Animal diet design has been addressed mainly by optimizing analytical functions that describe digestible energy and essential nutrients, along with a set of restrictions regarding minimum nutritional content in the feed formulation. This approach results in limitations since theoretical models are not flexible enough to incorporate variables related to environmental or zootechnical conditions that affect production efficiency or to include multiple objectives regarding current challenges associated with the adaptability to new environmental contexts and the reduction of ecological footprint. Unlike analytical methods, heuristic approaches can deal with variables from multiple sources using surrogate data-driven models of the objectives functions but commonly require thousands of evaluations of the target function, which is unfeasible in the context of animal diet formulation.

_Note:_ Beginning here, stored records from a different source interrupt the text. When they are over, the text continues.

text \<open>Induction on the set \<open>K\<close> of coordinates with \<open>u n < 1\<close>: in the equation for the difference
  of two solutions, the terms with \<open>S \<subset> K\<close> vanish by induction, those with \<open>S \<not>\<subseteq> K\<close> have weight
  \<open>0\<close>, and the term with \<open>S = K\<close> is again the difference at \<open>u\<close>.\<close>
lemma orthant_equation_unique:
  fixes p :: real
  assumes p: "0 < p" "p < 1" and F1: "orthant_equation p N F1" and F2: "orthant_equation p N F2"
    and u: "\<forall>n<N. 0 \<le> u n \<and> u n \<le> 1"
  shows "F1 u = F2 u"
  using u
proof (induction "card {n. n < N \<and> u n \<noteq> 1}" arbitrary: u rule: less_induct)
  case (less u)
  define K where "K = {n. n < N \<and> u n \<noteq> 1}"
  define D where "D v = F1 v - F2 v" for v
  have K: "K \<subseteq> {..<N}" "finite K" unfolding K_def by auto
  show ?case
  proof (cases "K = {}")
    case True
    then have "\<And>n. n < N \<Longrightarrow> u n = 1" unfolding K_def by auto
    then show ?thesis using orthant_equation_ones[OF F1] orthant_equation_ones[OF F2] by metis
  next
    case False
    then obtain k where k: "k \<in> K" by auto
    have vanish: "min_step_weight N u S * D (ones_outside S u) = 0" if S: "S \<subseteq> {..<N}" "S \<noteq> K" for S
    proof (cases "S \<subseteq> K")
      case True
      then have "card S < card K" using S K by (intro psubset_card_mono) auto
      moreover have "{n. n < N \<and> ones_outside S u n \<noteq> 1} = S"
        using True unfolding ones_outside_def K_def by auto
      moreover have "\<forall>n<N. 0 \<le> ones_outside S u n \<and> ones_outside S u n \<le> 1"
        using less.prems unfolding ones_outside_def by auto
      ultimately have "F1 (ones_outside S u) = F2 (ones_outside S u)"
        by (intro less.hyps) (simp_all add: K_def)
      then show ?thesis unfolding D_def by simp
    next
      case False
      then obtain n where "n \<in> S" "u n = 1" using S unfolding K_def by auto
      then show ?thesis using min_step_weight_eq_0[OF S(1)] by simp
    qed
    have "\<And>n. n < N \<Longrightarrow> ones_outside K u n = u n" unfolding ones_outside_def K_def by auto
    then have "D (ones_outside K u) = D u"
      unfolding D_def using orthant_equation_cong[OF F1] orthant_equation_cong[OF F2] by metis
    then have sum: "(\<Sum>S\<in>Pow {..<N}. min_step_weight N u S * D (ones_outside S u))
        = (\<Prod>n\<in>K. 1 - u n) * D u"
      using K unfolding K_def min_step_weight_coords_below_one[symmetric]
      by (subst sum.remove[of _ K]) (auto simp: K_def intro!: sum.neutral vanish)
    have "D u = p * (\<Prod>n<N. u n) * D u
        + (1 - p) * (\<Sum>S\<in>Pow {..<N}. min_step_weight N u S * D (ones_outside S u))"
      unfolding D_def by (rule orthant_equation_diff[OF F1 F2 less.prems])
    then have "D u = (p * (\<Prod>n<N. u n) + (1 - p) * (\<Prod>n\<in>K. 1 - u n)) * D u"
      unfolding sum by (simp add: algebra_simps)
    moreover have "p * (\<Prod>n<N. u n) + (1 - p) * (\<Prod>n\<in>K. 1 - u n) < 1"
    proof (rule orthant_equation_coefficient_less_one[OF p less.prems K(1) k])
      show "u k < 1" using k less.prems unfolding K_def by force
    qed
    ultimately have "D u = 0" by (metis less_irrefl mult_cancel_right2)
    then show ?thesis unfolding D_def by simp
  qed
qed

section \<open>Orthants of the state space\<close>

lemma space_state_space: "space state_space = {\<eta>. \<forall>n. 0 \<le> \<eta> n \<and> \<eta> n \<le> 1}"
  unfolding state_space_def by (auto simp: space_PiM space_restrict_space PiE_def extensional_def)

definition orthant :: "nat \<Rightarrow> (nat \<Rightarrow> real) \<Rightarrow> (nat \<Rightarrow> real) set" where
  "orthant N u = {\<eta> \<in> space state_space. \<forall>n<N. 0 \<le> \<eta> n \<and> \<eta> n \<le> u n}"

lemma orthant_zero: "orthant 0 u = space state_space"
  unfolding orthant_def by simp

lemma sets_orthant[measurable]: "orthant N u \<in> sets state_space"
proof -
  have "orthant N u = {\<eta> \<in> space state_space. \<forall>n\<in>{..<N}. \<eta> n \<in> {0..u n}}"
    unfolding orthant_def by auto
  also have "\<dots> \<in> sets state_space"
    unfolding state_space_def
    by (intro sets.sets_Collect_finite_All sets_Collect_single')
       (auto simp: sets_restrict_space_iff space_restrict_space)
  finally show ?thesis .
qed

definition unit_orthants :: "(nat \<Rightarrow> real) set set" where
  "unit_orthants = {orthant N u | N u. \<forall>n<N. 0 \<le> u n \<and> u n \<le> 1}"

lemma Int_stable_unit_orthants: "Int_stable unit_orthants"
proof (rule Int_stableI)
  fix A B assume "A \<in> unit_orthants" "B \<in> unit_orthants"
  then obtain N u M v where AB: "A = orthant N u" "B = orthant M v"
    and uv: "\<forall>n<N. 0 \<le> u n \<and> u n \<le> 1" "\<forall>n<M. 0 \<le> v n \<and> v n \<le> 1"
    unfolding unit_orthants_def by auto
  define w where "w n = min (if n < N then u n else 1) (if n < M then v n else 1)" for n
  have "A \<inter> B = orthant (max N M) w" unfolding AB orthant_def w_def space_state_space by auto
  moreover have "\<forall>n<max N M. 0 \<le> w n \<and> w n \<le> 1" using uv unfolding w_def by auto
  ultimately show "A \<inter> B \<in> unit_orthants" unfolding unit_orthants_def by blast
qed

lemma sets_state_space_sigma_unit_orthants:
  "sets state_space = sigma_sets (space state_space) unit_orthants"
proof
  show "sigma_sets (space state_space) unit_orthants \<subseteq> sets state_space"
    using sets_orthant unfolding unit_orthants_def by (intro sets.sigma_sets_subset) blast
next
  define M where "M = sigma (space state_space) unit_orthants"
  have unit_orthants_Pow: "unit_orthants \<subseteq> Pow (space state_space)"
    unfolding unit_orthants_def orthant_def by auto
  have space_M: "space M = space state_space"
    and sets_M: "sets M = sigma_sets (space state_space) unit_orthants"
    unfolding M_def using unit_orthants_Pow by simp_all
  have coordinate: "(\<lambda>\<eta>. \<eta> i) \<in> borel_measurable M" for i
    unfolding borel_measurable_iff_le
  proof
    fix a :: real
    show "{\<eta> \<in> space M. \<eta> i \<le> a} \<in> sets M"
    proof (cases "a < 0")
      case True
      have "\<not> \<eta> i \<le> a" if "\<eta> \<in> space M" for \<eta>
        using that True unfolding space_M space_state_space by (auto dest!: spec[of _ i])
      then have "{\<eta> \<in> space M. \<eta> i \<le> a} = {}" by blast
      then show ?thesis by (metis sets.empty_sets)
    next
      case False
      define v where "v n = (if n = i then min a 1 else 1)" for n
      have "\<forall>n<Suc i. 0 \<le> v n \<and> v n \<le> 1" using False by (simp add: v_def)
      then have "orthant (Suc i) v \<in> sets M"
        unfolding sets_M unit_orthants_def by (blast intro: sigma_sets.Basic)
      moreover have "{\<eta> \<in> space M. \<eta> i \<le> a} = orthant (Suc i) v"
        unfolding space_M space_state_space orthant_def v_def by auto
      ultimately show ?thesis by simp
    qed
  qed
  have "(\<lambda>\<eta>. \<eta>) \<in> measurable M state_space"
    unfolding state_space_def
    by (rule measurable_PiM_single'[where f="\<lambda>i \<eta>. \<eta> i", simplified], rule measurable_restrict_space2)
       (use coordinate space_M in \<open>auto simp: space_state_space space_restrict_space\<close>)
  show "sets state_space \<subseteq> sigma_sets (space state_space) unit_orthants"
  proof
    fix A assume A: "A \<in> sets state_space"
    have "(\<lambda>\<eta>. \<eta>) -` A \<inter> space M = A" using sets.sets_into_space[OF A] space_M by auto
    with measurable_sets[OF \<open>_ \<in> measurable M state_space\<close> A]
    show "A \<in> sigma_sets (space state_space) unit_orthants" using sets_M by simp
  qed
qed

lemma measure_eqI_unit_orthants:
  assumes "prob_space M1" "prob_space M2" "sets M1 = sets state_space" "sets M2 = sets state_space"
    and eq: "\<And>N u. \<forall>n<N. 0 \<le> u n \<and> u n \<le> 1 \<Longrightarrow> measure M1 (orthant N u) = measure M2 (orthant N u)"
  shows "M1 = M2"
proof -
  interpret M1: prob_space M1 by fact
  interpret M2: prob_space M2 by fact
  show ?thesis
  proof (rule measure_eqI_generator_eq_countable[OF Int_stable_unit_orthants])
    show "unit_orthants \<subseteq> Pow (space state_space)"
      unfolding unit_orthants_def orthant_def by auto
    show "emeasure M1 X = emeasure M2 X" if "X \<in> unit_orthants" for X
      using that eq unfolding unit_orthants_def
      by (auto simp: M1.emeasure_eq_measure M2.emeasure_eq_measure)
    show "sets M1 = sigma_sets (space state_space) unit_orthants"
      "sets M2 = sigma_sets (space state_space) unit_orthants"
      using assms(3,4) sets_state_space_sigma_unit_orthants by simp_all
    show "{space state_space} \<subseteq> unit_orthants"
      unfolding unit_orthants_def using orthant_zero by blast
    show "emeasure M1 A \<noteq> \<infinity>" for A
      by simp
  qed auto
qed

section \<open>One step of the chain on orthants\<close>

definition uniform01 :: "real measure" where
  "uniform01 = uniform_measure lborel {0..1}"

lemma prob_space_uniform01: "prob_space uniform01"
  unfolding uniform01_def by (rule prob_space_uniform_measure) auto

This work proposes the use of Bayesian Optimization as an alternative solution to address the animal diet design problem since it is intended to optimize costly-to-evaluate target functions and is able to deal with noisy sampling, which is helpful in handling the intrinsic variability in the nutrient content of raw materials. A multi-objective swine diet design problem is used to evaluate the suitability of Bayesian optimization to optimize three target functions: digestible energy, lysine, and cost, and the solutions are compared with a fractional stochastic programming approach. The analytical formulation of the problem is not considered by the Bayesian optimization approach, but target functions are modeled through surrogate Bayesian models, where only input and output responses are used to drive the optimization process. Results show that a multi-objective Bayesian optimization process is able to find better solutions than previously proposed methods, improving in 10.71%, 14.77%, and 3.79% the three objectives defined. Experiments using batches of query samples per iteration show that the optimization process can also be accelerated by sampling the objective functions simultaneously.